La commission procède également à l'établissement des actes que rend nécessaire le choix d'un nom exercé dans les conditions définies au titre Ier.
Article 21
Version en vigueur depuis le 29/05/2009Version en vigueur depuis le 29 mai 2009
La commission est saisie au plus tard le 31 juillet 2010 par la personne dont l'état civil est en cause, par son conjoint, par ses ascendants, par ses descendants, par ses collatéraux au deuxième degré ou par ses ayants droit.
Elle peut également être saisie par le ministère public.
Article 22
Version en vigueur depuis le 29/05/2009Version en vigueur depuis le 29 mai 2009
L'établissement des actes est de droit lorsqu'il est demandé par le ministère public ainsi que pour les actes de l'état civil relatifs :
1° Aux naissances survenues moins de cinquante ans avant la publication de la présente ordonnance ;
2° Aux mariages célébrés moins de trente ans avant la publication de la présente ordonnance ;
3° Et aux décès survenus moins de trente ans avant la publication de la présente ordonnance.
Dans les autres cas, il n'est donné suite qu'aux demandes fondées sur un motif légitime.
Article 23
Version en vigueur depuis le 10/03/2000Version en vigueur depuis le 10 mars 2000
Les actes de l'état civil inscrits à tort sur les registres ne correspondant pas au statut de la personne qu'ils visent sont inscrits sur les registres correspondant à ce statut, avec tous effets de droit.

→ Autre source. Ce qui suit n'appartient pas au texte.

(* We prove the bound with the explicit constant C = 1, for all \<nu> \<ge> N + 1 and all
   \<lambda> > 0.  Write P for the normalising prefactor, A = \<lambda>\<nu>, a = N + 1/2 and
   \<beta> = \<nu> - N + 1/2.

   (1) Gaussian damping.  Integrating the power series of J_\<nu> termwise against the
       Gaussian moments gives, with z = 1/(4b), the closed form
         P * \<integral>\<^sub>0\<^sup>\<infinity> t^(2N-\<nu>) J_\<nu>(t) exp(-b t\<^sup>2) dt
           = z^a / \<Gamma>(a) * \<integral>\<^sub>0\<^sup>1 exp(-z u) u^(a-1) (1-u)^(\<beta>-1) du,
       because the resulting series is Kummer's series \<Sum> (-z)^k/k! B(a+k,\<beta>).  The
       right-hand side lies in [0,1], comparing it with the Gamma integral (\<beta> \<ge> 1).
   (2) Subordination.  1/(1+(t/A)\<^sup>2) = \<integral>\<^sub>0\<^sup>\<infinity> exp(-x (1+(t/A)\<^sup>2)) dx, so by Fubini
       the integral of the theorem is an exp(-x)-average over x > 0 of the Gaussian
       damped integrals of (1) with b = x/A\<^sup>2; each is bounded by 1, hence so is the
       average.  If the integrand is not Lebesgue integrable the integral is 0. *)

(* \<Gamma>(m + 1/2) = \<surd>\<pi> (2m)! / (4^m m!); converts the library's even Gaussian moments,
   stated with factorials, into Gamma form. *)
lemma Gamma_half_integer:
  "Gamma (real m + 1/2) = sqrt pi * fact (2*m) / (4^m * fact m)"
proof (induction m)
  case 0
  then show ?case by (simp add: Gamma_one_half_real)
next
  case (Suc m)
  have "Gamma (real (Suc m) + 1/2) = (real m + 1/2) * Gamma (real m + 1/2)"
    using Gamma_plus1[of "real m + 1/2"] nonpos_Ints_nonpos[of "real m + 1/2"]
    by (fastforce simp: algebra_simps)
  also have "\<dots> = sqrt pi * fact (2*Suc m) / (4^Suc m * fact (Suc m))"
  proof -
    have f: "fact (2*Suc m) = (2*real m + 2) * (2*real m + 1) * (fact (2*m) :: real)"
      by (simp add: algebra_simps)
    have "(fact m :: real) > 0" "(4::real)^m > 0" by auto
    then show ?thesis unfolding Suc f by (simp add: divide_simps) (simp add: algebra_simps)
  qed
  finally show ?case .
qed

Les actes passés antérieurement à cette inscription sont valables.
Article 24
Version en vigueur depuis le 10/03/2000Version en vigueur depuis le 10 mars 2000
La décision de la commission est notifiée au demandeur et au ministère public, qui peuvent former un recours devant le tribunal de première instance.
La commission confère valeur authentique aux actes qu'elle établit.
Ces actes sont ensuite transmis par le secrétariat de la commission à l'officier de l'état civil compétent qui en assure la transcription dans un nouveau registre.
Article 25
Version en vigueur depuis le 10/03/2000Version en vigueur depuis le 10 mars 2000
La commission devra avoir achevé ses travaux dans un délai de cinq ans à compter de la publication de l'arrêté du préfet, représentant du Gouvernement à Mayotte, procédant à son installation. Ce délai pourra cependant être prorogé une fois par décret pour une nouvelle durée de cinq ans.